Additionally, the entire village of Gächlingen is designated as part of the Inventory of Swiss Heritage Sites.

==Coat of arms==
The blazon of the municipal coat of arms is Gules a Fleur de lis Argent between two Mullets Or in pale.

==Economy==
Hallau has an unemployment rate of 0.96%. As of 2005, there were 240 people employed in the primary economic sector and about 69 businesses involved in this sector. 277 people are employed in the secondary sector and there are 35 businesses in this sector. 286 people are employed in the tertiary sector, with 69 businesses in this sector.

Aerial view from 400 m by Walter Mittelholzer (1923)

As of 2008 the mid year average unemployment rate was 1.1%. There were 100 non-agrarian businesses in the municipality and 48.1% of the (non-agrarian) population was involved in the secondary sector of the economy while 51.9% were involved in the third. At the same time, 63.1% of the working population was employed full-time, and 36.9% was employed part-time.

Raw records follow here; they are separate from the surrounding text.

lemma bd_cone_chain_apex:
  assumes \<sigma>: "\<sigma> \<in> faces A p" "x \<in> \<sigma>"
  shows "bd A (p + 1) (cone_chain c) \<sigma> + cone_chain (bd A p c) \<sigma> = (c \<sigma> :: 'k::field)"
proof -
  define \<rho> where "\<rho> = \<sigma> - {x}"
  have \<sigma>A: "\<sigma> \<in> A" and c\<sigma>: "int (card \<sigma>) = p + 1" using \<sigma>(1) by (auto simp: faces_iff)
  have \<sigma>\<rho>: "\<sigma> = insert x \<rho>" and x\<rho>: "x \<notin> \<rho>" using \<sigma>(2) by (auto simp: \<rho>_def)
  have f\<rho>: "finite \<rho>" using finite_face[OF \<sigma>A] by (simp add: \<rho>_def)
  have \<rho>F: "\<rho> \<in> faces A (p - 1)"
    using remove_apex[OF \<sigma>A] c\<sigma> card_remove_apex[OF \<sigma>A \<sigma>(2)] f\<rho> by (simp add: faces_iff \<rho>_def)
  define J where "J = {w. w \<notin> \<rho> \<and> insert w \<rho> \<in> faces A p}"
  define S where "S = (\<Sum>w\<in>J - {x}. insert_sign x \<rho> * (insert_sign w \<rho> * c (insert w \<rho>)))"
  have finJ: "finite J"
    by (rule finite_subset[OF _ finite_family_Union[OF finite_family]]) (auto simp: J_def faces_iff)
  have xJ: "x \<in> J" using x\<rho> \<sigma>\<rho> \<sigma>(1) by (auto simp: J_def)
  have IJ: "{w. w \<notin> \<sigma> \<and> insert w \<sigma> \<in> faces A (p + 1)} = J - {x}"
    using cofaces_insert_apex[of \<rho> p] \<sigma>(1) \<sigma>\<rho> x\<rho> by (simp add: J_def)
  have "cone_chain (bd A p c) \<sigma> = insert_sign x \<rho> * (\<Sum>w\<in>J. insert_sign w \<rho> * c (insert w \<rho>))"
    using \<sigma>A \<sigma>(2) \<rho>F by (simp add: cone_chain_def bd_eq J_def \<rho>_def[symmetric])
  also have "\<dots> = insert_sign x \<rho> * (insert_sign x \<rho> * c \<sigma>) + S"
    by (simp add: sum.remove[OF finJ xJ] distrib_left sum_distrib_left \<sigma>\<rho> S_def)
  finally have cone_bd: "cone_chain (bd A p c) \<sigma> = c \<sigma> + S"
    by (simp add: insert_sign_square mult.assoc[symmetric])
  have "bd A (p + 1) (cone_chain c) \<sigma> = (\<Sum>w\<in>J - {x}. insert_sign w \<sigma> * cone_chain c (insert w \<sigma>))"
    using \<sigma>(1) by (simp add: bd_eq IJ)
  also have "\<dots> = (\<Sum>w\<in>J - {x}. insert_sign w \<sigma> * (insert_sign x (insert w \<rho>) * c (insert w \<rho>)))"
  proof (rule sum.cong[OF refl])
    fix w assume w: "w \<in> J - {x}"
    then have "insert w \<sigma> - {x} = insert w \<rho>" using \<sigma>\<rho> x\<rho> by auto
    then show "insert_sign w \<sigma> * cone_chain c (insert w \<sigma>)
        = insert_sign w \<sigma> * (insert_sign x (insert w \<rho>) * c (insert w \<rho>))"
      using w IJ \<sigma>(2) by (auto simp: cone_chain_def faces_iff)
  qed
  also have "\<dots> = - S"
  proof -
    have "insert_sign w \<sigma> * (insert_sign x (insert w \<rho>) * c (insert w \<rho>))
        = - (insert_sign x \<rho> * (insert_sign w \<rho> * c (insert w \<rho>)))" if "w \<in> J - {x}" for w
    proof -
      have "w \<notin> \<rho>" "w \<noteq> x" using that by (auto simp: J_def)
      then have "(insert_sign w \<sigma> :: 'k) * insert_sign x (insert w \<rho>)
          = - (insert_sign x \<rho> * insert_sign w \<rho>)"
        unfolding \<sigma>\<rho> by (rule insert_sign_cross[OF f\<rho> _ x\<rho>])
      then show ?thesis by (metis minus_mult_left mult.assoc)
    qed
    then show ?thesis unfolding S_def sum_negf[symmetric] by (rule sum.cong[OF refl])
  qed
  finally show ?thesis using cone_bd by simp
qed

There were 615 residents of the municipality who were employed in some capacity, of which females made up 48.9% of the workforce. As of 2000 there were 570 residents who worked in the municipality, while 451 residents worked outside Hallau and 240 people commuted into the municipality for work.

As of 2008, there are 5 restaurants, and 1 hotel with 14 beds. The hospitality industry in Hallau employs 14 people.

==Border crossings==
Border crossings into Germany are located between Hallau town and Eberfingen; and between the village of Wunderklingen with Eggingen, both in Waldshut district in Baden-Württemberg state.